• _What is required_
Wherever the word "fixes" shows up in the data, report the line it sits in.

• _Information supplied_

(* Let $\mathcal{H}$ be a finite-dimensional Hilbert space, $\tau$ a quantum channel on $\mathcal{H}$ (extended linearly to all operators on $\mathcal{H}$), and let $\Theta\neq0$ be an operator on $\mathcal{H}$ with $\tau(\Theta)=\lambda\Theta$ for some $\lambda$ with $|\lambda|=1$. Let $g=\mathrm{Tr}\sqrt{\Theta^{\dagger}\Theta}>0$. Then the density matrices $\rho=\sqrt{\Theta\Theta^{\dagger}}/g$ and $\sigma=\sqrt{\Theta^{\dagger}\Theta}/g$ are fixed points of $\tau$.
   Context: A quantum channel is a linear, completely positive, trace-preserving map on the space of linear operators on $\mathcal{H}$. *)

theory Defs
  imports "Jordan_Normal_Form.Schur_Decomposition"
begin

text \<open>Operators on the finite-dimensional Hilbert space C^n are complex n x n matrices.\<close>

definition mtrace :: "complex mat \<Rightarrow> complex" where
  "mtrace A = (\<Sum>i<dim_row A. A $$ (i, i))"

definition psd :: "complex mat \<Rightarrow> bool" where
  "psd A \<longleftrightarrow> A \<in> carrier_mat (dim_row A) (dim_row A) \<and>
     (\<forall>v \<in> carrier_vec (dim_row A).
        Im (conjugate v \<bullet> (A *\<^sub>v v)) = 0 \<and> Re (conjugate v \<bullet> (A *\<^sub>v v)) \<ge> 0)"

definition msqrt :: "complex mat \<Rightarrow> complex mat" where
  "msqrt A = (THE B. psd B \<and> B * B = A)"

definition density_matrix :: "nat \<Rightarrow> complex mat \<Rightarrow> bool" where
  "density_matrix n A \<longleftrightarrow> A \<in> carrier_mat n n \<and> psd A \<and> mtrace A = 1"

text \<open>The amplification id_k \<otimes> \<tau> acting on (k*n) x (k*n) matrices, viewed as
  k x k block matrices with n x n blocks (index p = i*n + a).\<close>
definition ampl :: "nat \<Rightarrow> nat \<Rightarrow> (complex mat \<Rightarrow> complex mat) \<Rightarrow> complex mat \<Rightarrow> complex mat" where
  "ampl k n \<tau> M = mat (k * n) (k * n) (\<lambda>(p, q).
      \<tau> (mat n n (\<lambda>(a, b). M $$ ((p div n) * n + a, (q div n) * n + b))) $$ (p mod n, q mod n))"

---

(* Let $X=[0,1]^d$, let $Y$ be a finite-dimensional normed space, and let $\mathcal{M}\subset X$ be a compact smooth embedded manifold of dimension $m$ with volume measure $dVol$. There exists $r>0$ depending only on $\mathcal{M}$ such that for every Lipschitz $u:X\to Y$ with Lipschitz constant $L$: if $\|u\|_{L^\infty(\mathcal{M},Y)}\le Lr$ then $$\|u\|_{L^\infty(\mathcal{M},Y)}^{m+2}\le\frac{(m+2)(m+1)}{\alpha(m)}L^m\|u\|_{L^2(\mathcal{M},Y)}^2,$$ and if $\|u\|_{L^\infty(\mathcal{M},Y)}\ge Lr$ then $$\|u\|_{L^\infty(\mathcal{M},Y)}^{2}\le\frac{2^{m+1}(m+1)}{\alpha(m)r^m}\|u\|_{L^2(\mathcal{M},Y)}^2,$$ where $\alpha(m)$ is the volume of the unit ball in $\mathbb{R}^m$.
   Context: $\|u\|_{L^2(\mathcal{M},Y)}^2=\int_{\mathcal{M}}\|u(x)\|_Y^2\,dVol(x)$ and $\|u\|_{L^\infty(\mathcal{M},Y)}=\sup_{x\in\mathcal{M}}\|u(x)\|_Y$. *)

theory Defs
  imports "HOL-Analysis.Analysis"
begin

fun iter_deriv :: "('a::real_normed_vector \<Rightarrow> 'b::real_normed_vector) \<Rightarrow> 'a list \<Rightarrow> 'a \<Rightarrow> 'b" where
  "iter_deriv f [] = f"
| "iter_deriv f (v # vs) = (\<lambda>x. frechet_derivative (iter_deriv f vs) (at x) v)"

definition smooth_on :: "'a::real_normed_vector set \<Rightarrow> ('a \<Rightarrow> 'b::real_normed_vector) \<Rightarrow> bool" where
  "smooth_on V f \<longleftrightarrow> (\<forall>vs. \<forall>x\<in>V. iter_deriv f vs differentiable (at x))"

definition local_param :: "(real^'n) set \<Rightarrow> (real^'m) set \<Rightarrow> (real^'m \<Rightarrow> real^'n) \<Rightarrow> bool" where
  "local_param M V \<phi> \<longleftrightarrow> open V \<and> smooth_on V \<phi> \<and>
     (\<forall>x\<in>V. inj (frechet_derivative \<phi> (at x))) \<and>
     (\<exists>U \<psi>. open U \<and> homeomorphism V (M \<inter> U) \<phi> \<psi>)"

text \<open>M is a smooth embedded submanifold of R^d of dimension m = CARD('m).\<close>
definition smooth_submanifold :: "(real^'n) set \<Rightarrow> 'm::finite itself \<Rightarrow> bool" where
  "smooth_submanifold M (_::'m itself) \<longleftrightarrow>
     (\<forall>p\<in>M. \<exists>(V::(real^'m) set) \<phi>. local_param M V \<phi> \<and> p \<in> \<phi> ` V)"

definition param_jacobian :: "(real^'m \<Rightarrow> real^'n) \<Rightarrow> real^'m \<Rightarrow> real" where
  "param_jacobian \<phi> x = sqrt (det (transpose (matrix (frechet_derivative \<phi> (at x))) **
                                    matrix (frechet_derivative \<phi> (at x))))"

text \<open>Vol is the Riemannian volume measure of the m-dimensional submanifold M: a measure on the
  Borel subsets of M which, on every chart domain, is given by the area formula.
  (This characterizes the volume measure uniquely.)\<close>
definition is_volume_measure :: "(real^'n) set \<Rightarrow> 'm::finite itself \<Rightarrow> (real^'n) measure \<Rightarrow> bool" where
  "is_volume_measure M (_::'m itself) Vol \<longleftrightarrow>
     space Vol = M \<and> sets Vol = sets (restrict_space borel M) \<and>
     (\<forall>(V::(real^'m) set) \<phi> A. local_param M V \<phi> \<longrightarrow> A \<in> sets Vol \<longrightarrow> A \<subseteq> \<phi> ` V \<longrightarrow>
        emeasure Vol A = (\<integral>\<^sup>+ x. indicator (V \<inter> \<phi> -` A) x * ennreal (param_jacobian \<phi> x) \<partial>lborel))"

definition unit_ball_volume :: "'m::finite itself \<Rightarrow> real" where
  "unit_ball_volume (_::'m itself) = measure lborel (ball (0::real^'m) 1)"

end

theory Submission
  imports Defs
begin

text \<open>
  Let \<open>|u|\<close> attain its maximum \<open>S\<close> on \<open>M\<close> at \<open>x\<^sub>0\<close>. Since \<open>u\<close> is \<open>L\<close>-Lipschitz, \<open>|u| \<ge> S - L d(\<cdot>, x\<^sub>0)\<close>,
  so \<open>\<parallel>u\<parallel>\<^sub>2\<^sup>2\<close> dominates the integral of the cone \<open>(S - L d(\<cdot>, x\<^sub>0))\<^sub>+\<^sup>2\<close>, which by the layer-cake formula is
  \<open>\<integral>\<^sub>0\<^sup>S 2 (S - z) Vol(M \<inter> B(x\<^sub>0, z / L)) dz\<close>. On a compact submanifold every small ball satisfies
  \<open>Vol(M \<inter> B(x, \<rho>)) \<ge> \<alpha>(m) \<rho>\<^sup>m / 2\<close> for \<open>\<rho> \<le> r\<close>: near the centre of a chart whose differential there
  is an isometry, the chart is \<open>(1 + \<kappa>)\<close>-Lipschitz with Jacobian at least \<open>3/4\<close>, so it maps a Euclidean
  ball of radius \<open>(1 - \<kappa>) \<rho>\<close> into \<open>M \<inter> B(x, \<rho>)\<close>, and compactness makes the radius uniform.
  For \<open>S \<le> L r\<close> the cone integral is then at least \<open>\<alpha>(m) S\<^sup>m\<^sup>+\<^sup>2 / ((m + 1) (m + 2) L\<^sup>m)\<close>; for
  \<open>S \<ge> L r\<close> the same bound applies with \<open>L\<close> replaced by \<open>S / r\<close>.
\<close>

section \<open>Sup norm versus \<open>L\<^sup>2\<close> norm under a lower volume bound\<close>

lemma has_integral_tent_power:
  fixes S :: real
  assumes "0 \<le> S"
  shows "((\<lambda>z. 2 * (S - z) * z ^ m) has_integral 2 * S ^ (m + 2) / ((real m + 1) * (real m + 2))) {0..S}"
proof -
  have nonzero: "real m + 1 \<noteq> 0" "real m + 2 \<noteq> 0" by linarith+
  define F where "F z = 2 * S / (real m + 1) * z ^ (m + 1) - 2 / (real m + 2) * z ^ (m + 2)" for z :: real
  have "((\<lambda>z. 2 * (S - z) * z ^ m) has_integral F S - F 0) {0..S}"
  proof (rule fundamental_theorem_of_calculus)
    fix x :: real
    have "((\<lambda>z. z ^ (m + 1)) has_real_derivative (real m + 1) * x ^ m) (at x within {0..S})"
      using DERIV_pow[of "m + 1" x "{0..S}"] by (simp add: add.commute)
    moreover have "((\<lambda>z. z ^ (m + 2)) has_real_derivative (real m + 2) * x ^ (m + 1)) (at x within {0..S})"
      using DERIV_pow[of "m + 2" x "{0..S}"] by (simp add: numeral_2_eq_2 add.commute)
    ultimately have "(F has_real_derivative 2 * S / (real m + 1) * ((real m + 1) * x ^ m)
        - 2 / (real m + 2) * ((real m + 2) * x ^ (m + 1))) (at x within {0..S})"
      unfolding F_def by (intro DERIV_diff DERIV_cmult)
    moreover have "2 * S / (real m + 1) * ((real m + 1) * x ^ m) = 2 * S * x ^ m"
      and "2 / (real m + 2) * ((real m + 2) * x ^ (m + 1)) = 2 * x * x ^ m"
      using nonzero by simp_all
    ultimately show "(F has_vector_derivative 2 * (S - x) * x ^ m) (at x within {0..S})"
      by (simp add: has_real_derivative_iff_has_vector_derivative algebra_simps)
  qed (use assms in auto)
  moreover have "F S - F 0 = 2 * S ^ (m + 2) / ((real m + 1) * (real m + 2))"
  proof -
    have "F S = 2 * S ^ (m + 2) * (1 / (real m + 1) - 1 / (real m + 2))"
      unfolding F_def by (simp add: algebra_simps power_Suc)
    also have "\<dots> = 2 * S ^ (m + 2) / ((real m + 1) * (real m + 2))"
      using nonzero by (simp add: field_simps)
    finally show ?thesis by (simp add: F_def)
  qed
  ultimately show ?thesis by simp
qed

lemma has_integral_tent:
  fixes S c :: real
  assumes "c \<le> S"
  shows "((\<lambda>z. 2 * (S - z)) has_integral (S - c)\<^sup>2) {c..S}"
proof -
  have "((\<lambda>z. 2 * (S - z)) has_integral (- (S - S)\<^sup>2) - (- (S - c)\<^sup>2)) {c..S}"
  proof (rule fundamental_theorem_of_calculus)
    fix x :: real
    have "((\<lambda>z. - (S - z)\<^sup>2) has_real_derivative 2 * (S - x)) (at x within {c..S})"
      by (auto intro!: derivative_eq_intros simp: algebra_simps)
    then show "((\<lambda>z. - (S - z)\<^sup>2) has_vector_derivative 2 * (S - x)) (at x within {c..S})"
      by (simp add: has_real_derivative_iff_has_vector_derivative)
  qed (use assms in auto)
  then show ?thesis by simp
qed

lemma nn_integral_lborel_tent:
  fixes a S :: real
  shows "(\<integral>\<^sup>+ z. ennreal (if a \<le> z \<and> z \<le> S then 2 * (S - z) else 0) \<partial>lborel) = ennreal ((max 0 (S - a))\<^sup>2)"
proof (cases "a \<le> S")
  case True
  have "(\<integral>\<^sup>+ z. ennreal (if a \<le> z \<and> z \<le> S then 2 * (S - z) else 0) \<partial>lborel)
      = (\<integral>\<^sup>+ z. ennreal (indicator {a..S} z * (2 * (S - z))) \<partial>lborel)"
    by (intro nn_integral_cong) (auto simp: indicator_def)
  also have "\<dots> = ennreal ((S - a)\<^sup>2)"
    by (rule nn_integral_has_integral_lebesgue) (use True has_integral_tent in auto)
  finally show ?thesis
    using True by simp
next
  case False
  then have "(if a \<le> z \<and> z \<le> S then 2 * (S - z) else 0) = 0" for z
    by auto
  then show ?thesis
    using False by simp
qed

...

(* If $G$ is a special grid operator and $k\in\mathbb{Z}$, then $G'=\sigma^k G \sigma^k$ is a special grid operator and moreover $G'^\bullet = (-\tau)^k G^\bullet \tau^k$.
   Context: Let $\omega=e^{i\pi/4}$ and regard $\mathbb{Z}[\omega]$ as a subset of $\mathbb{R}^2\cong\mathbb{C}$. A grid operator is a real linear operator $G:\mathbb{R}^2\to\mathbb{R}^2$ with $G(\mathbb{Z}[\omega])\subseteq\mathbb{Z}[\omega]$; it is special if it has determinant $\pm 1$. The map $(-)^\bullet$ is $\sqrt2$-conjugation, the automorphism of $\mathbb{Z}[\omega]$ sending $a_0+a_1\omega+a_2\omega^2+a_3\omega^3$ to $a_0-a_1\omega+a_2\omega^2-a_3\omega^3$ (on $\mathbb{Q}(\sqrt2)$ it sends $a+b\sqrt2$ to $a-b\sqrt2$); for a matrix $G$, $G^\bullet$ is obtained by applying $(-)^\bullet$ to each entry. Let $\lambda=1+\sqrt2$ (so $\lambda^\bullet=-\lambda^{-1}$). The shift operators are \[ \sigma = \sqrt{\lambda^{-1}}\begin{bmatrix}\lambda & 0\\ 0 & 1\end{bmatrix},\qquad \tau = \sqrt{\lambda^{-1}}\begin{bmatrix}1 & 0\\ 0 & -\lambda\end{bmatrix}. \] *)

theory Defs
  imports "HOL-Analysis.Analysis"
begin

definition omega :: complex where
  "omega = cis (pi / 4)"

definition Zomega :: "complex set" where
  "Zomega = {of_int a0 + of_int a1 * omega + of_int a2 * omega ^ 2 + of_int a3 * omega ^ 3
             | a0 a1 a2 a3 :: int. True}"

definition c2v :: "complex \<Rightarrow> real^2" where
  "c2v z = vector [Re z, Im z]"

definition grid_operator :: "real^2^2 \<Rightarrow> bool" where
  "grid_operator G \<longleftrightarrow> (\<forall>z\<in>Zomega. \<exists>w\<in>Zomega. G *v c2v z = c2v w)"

• _Answer space_
  fixes S :: real
  fixes S c :: real
  fixes a S :: real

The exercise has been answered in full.